Source material:
========================
(* Assume the setting and standing assumption below. Then the sequence $\{\|g_{k,1}\|\}_{k\in\mathbb{N}}$ converges to zero $R$-linearly: there exist constants $c_1>0$ and $c_2\in(0,1)$, where $c_2$ depends only on $m$, $\rho$ and the eigenvalues of $A$, such that $$\|g_{k,1}\|\le c_1c_2^k\|g_{1,1}\|\quad\text{for all }k\in\mathbb{N}.$$
   Context: Setting: $A\in\mathbb{R}^{n\times n}$ symmetric positive definite with eigenvalues $0<\lambda_1\le\cdots\le\lambda_n$; $b\in\mathbb{R}^n$, $f(x)=\tfrac12x^TAx-b^Tx$, $g_{k,j}=\nabla f(x_{k,j})=Ax_{k,j}-b$. LMSD method with history length $m\in\mathbb{N}$ and tolerance $0$: given $x_{1,1}$ and positive $\alpha_{1,1},\dots,\alpha_{1,m}$, for cycles $k=1,2,\dots$ and $j=1,\dots,m$ set $x_{k,j+1}=x_{k,j}-\alpha_{k,j}g_{k,j}$; set $x_{k+1,1}=x_{k,m+1}$; let $G_k=[g_{k,1}\ \cdots\ g_{k,m}]$, take a thin QR factorization $G_k=Q_kR_k$ ($Q_k^TQ_k=I_m$, $R_k$ upper triangular), $T_k=Q_k^TAQ_k$ with eigenvalues $\theta_{k,1}\ge\cdots\ge\theta_{k,m}$, and set $\alpha_{k+1,j}=\theta_{k,j}^{-1}$. Standing assumption: $g_{k,j}\ne0$ for all $(k,j)$; for every $k$, $G_k$ has linearly independent columns (so $R_k$ is nonsingular); and there is $\rho\ge1$ with $\|R_k^{-1}\|\le\rho\|g_{k,1}\|^{-1}$ for all $k$ (spectral norm). *)

theory Defs
  imports "Jordan_Normal_Form.Jordan_Normal_Form"
begin

definition vnorm :: "real vec \<Rightarrow> real" where
  "vnorm v = sqrt (v \<bullet> v)"

definition spec_norm :: "real mat \<Rightarrow> real" where
  "spec_norm M = Sup {vnorm (M *\<^sub>v v) | v. v \<in> carrier_vec (dim_col M) \<and> vnorm v = 1}"

definition cols_mat :: "nat \<Rightarrow> nat \<Rightarrow> (nat \<Rightarrow> real vec) \<Rightarrow> real mat" where
  "cols_mat n m c = mat n m (\<lambda>(i, j). c (j + 1) $ i)"

definition eigs_with_mult :: "nat \<Rightarrow> real mat \<Rightarrow> (nat \<Rightarrow> real) \<Rightarrow> bool" where
  "eigs_with_mult d M lam \<longleftrightarrow> M \<in> carrier_mat d d \<and>
     char_poly M = (\<Prod>i\<in>{1..d}. [:- lam i, 1:])"

end

theory Submission
  imports Defs "Jordan_Normal_Form.Schur_Decomposition"
begin

text \<open>
  Work in an orthonormal eigenbasis of \<open>A\<close>.  During cycle \<open>k\<close> the \<open>i\<close>-th coordinate of the gradient
  is multiplied by \<open>\<Prod>\<^sub>j (1 - \<alpha>\<^sub>k\<^sub>,\<^sub>j \<lambda>\<^sub>i)\<close>, where the step sizes are reciprocal Ritz values
  \<open>\<theta>\<^sub>k\<^sub>-\<^sub>1\<^sub>,\<^sub>j \<in> [\<lambda>\<^sub>1, \<lambda>\<^sub>n]\<close>.  A Ritz vector is a combination \<open>G\<^sub>k c\<close> of the gradients of the cycle
  with \<open>\<parallel>c\<parallel> \<le> \<rho> \<parallel>u\<parallel> / \<parallel>g\<^sub>k\<^sub>,\<^sub>1\<parallel>\<close>, so if \<open>g\<^sub>k\<^sub>,\<^sub>1\<close> has little mass on eigenvalues below
  \<open>\<mu>\<close>, every Ritz value is at least \<open>3\<mu>/4\<close>.  Hence the component of eigenvalue \<open>\<lambda>\<^sub>i\<close> either
  contracts by \<open>max (1/3) (1 - \<lambda>\<^sub>1/\<lambda>\<^sub>n)\<^sup>m\<close> over the next cycle, or is dominated by the
  components of smaller eigenvalues.  Induction upwards through the spectrum shows that all
  components, and so \<open>\<parallel>g\<^sub>k\<^sub>,\<^sub>1\<parallel>\<close>, decay R-linearly.
\<close>

section \<open>Euclidean and spectral norms\<close>

lemma scalar_prod_self_nonneg: "0 \<le> (v :: real vec) \<bullet> v"
  using conjugate_square_ge_0_vec[of v] by simp

lemma scalar_prod_self_pos: "(v :: real vec) \<in> carrier_vec k \<Longrightarrow> v \<noteq> 0\<^sub>v k \<Longrightarrow> 0 < v \<bullet> v"
  using conjugate_square_greater_0_vec[of v k] by simp

lemma vnorm_nonneg: "0 \<le> vnorm v"
  unfolding vnorm_def using scalar_prod_self_nonneg by simp

lemma vnorm_pos: "v \<in> carrier_vec k \<Longrightarrow> v \<noteq> 0\<^sub>v k \<Longrightarrow> 0 < vnorm v"
  unfolding vnorm_def using scalar_prod_self_pos by simp

lemma vnorm_square: "vnorm v ^ 2 = v \<bullet> v"
  unfolding vnorm_def using scalar_prod_self_nonneg by simp

lemma vnorm_smult: "vnorm (a \<cdot>\<^sub>v v) = \<bar>a\<bar> * vnorm v"
proof -
  have "(a \<cdot>\<^sub>v v) \<bullet> (a \<cdot>\<^sub>v v) = a^2 * (v \<bullet> v)"
    unfolding scalar_prod_def by (simp add: sum_distrib_left power2_eq_square algebra_simps)
  thus ?thesis unfolding vnorm_def by (simp add: real_sqrt_mult)
qed

lemma scalar_prod_self_eq_sum: "(v :: real vec) \<in> carrier_vec k \<Longrightarrow> v \<bullet> v = (\<Sum>i<k. (v $ i)^2)"
  by (simp add: scalar_prod_def power2_eq_square lessThan_atLeast0)

lemma component_square_le_scalar_prod_self:
  "(v :: real vec) \<in> carrier_vec k \<Longrightarrow> i < k \<Longrightarrow> (v $ i)^2 \<le> v \<bullet> v"
  by (simp add: scalar_prod_self_eq_sum) (rule member_le_sum, auto)

lemma abs_component_le_vnorm: "(v :: real vec) \<in> carrier_vec k \<Longrightarrow> i < k \<Longrightarrow> \<bar>v $ i\<bar> \<le> vnorm v"
  unfolding vnorm_def by (metis component_square_le_scalar_prod_self real_sqrt_abs real_sqrt_le_mono)

lemma spec_norm_bdd_above:
  fixes M :: "real mat"
  assumes M: "M \<in> carrier_mat r k"
  shows "bdd_above {vnorm (M *\<^sub>v v) | v. v \<in> carrier_vec (dim_col M) \<and> vnorm v = 1}"
proof (rule bdd_aboveI)
  fix y assume "y \<in> {vnorm (M *\<^sub>v v) | v. v \<in> carrier_vec (dim_col M) \<and> vnorm v = 1}"
  then obtain w where w: "w \<in> carrier_vec k" "vnorm w = 1" and y: "y = vnorm (M *\<^sub>v w)"
    using M by auto
  have entry: "\<bar>(M *\<^sub>v w) $ i\<bar> \<le> (\<Sum>j<k. \<bar>M $$ (i,j)\<bar>)" if i: "i < r" for i
  proof -
    have "\<bar>(M *\<^sub>v w) $ i\<bar> = \<bar>\<Sum>j<k. M $$ (i,j) * w $ j\<bar>"
      using M w i by (simp add: mult_mat_vec_def scalar_prod_def lessThan_atLeast0)
    also have "\<dots> \<le> (\<Sum>j<k. \<bar>M $$ (i,j)\<bar> * \<bar>w $ j\<bar>)"
      using sum_abs[of "\<lambda>j. M $$ (i,j) * w $ j"] by (simp add: abs_mult)
    also have "\<dots> \<le> (\<Sum>j<k. \<bar>M $$ (i,j)\<bar>)"
      using abs_component_le_vnorm[OF w(1)] w(2) by (intro sum_mono) (simp add: mult_left_le)
    finally show ?thesis .
  qed
  have "(M *\<^sub>v w) \<bullet> (M *\<^sub>v w) \<le> (\<Sum>i<r. (\<Sum>j<k. \<bar>M $$ (i,j)\<bar>)^2)"
  proof -
    have "((M *\<^sub>v w) $ i)^2 \<le> (\<Sum>j<k. \<bar>M $$ (i,j)\<bar>)^2" if "i < r" for i
      using power_mono[OF entry[OF that], of 2] by simp
    moreover have "M *\<^sub>v w \<in> carrier_vec r" using M w by simp
    ultimately show ?thesis by (simp add: scalar_prod_self_eq_sum) (rule sum_mono, simp)
  qed
  thus "y \<le> sqrt (\<Sum>i<r. (\<Sum>j<k. \<bar>M $$ (i,j)\<bar>)^2)"
    unfolding y vnorm_def by (rule real_sqrt_le_mono)
qed

lemma vnorm_mult_mat_vec_le:
  fixes M :: "real mat"
  assumes M: "M \<in> carrier_mat r k" and v: "v \<in> carrier_vec k"
  shows "vnorm (M *\<^sub>v v) \<le> spec_norm M * vnorm v"
proof (cases "v = 0\<^sub>v k")
  case True
  hence "M *\<^sub>v v = 0\<^sub>v r" using M by auto
  thus ?thesis using True by (simp add: vnorm_def)
next
  case False
  have pos: "0 < vnorm v" using vnorm_pos[OF v False] .
  define u where "u = (1 / vnorm v) \<cdot>\<^sub>v v"
  have "vnorm (M *\<^sub>v u) \<le> spec_norm M"
    unfolding spec_norm_def using M v pos
    by (intro cSup_upper spec_norm_bdd_above[OF M]) (auto simp: u_def vnorm_smult)
  moreover have "vnorm (M *\<^sub>v u) = vnorm (M *\<^sub>v v) / vnorm v"
    unfolding u_def using M v pos by (simp add: mult_mat_vec vnorm_smult)
  ultimately show ?thesis using pos by (simp add: divide_le_eq)
qed

section \<open>Orthogonal diagonalization of real symmetric matrices\<close>

lemma orthogonal_mat_right_inverse:
  fixes W :: "'a :: field mat"
  assumes "W \<in> carrier_mat n n" "transpose_mat W * W = 1\<^sub>m n"
  shows "W * transpose_mat W = 1\<^sub>m n"
  using mat_mult_left_right_inverse[of "transpose_mat W" n W] assms by auto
========================
Problem requirements: Report each line in the preceding entries that holds the string "also".

Task output:
    also have "\<dots> \<le> (\<Sum>j<k. \<bar>M $$ (i,j)\<bar> * \<bar>w $ j\<bar>)"
    also have "\<dots> \<le> (\<Sum>j<k. \<bar>M $$ (i,j)\<bar>)"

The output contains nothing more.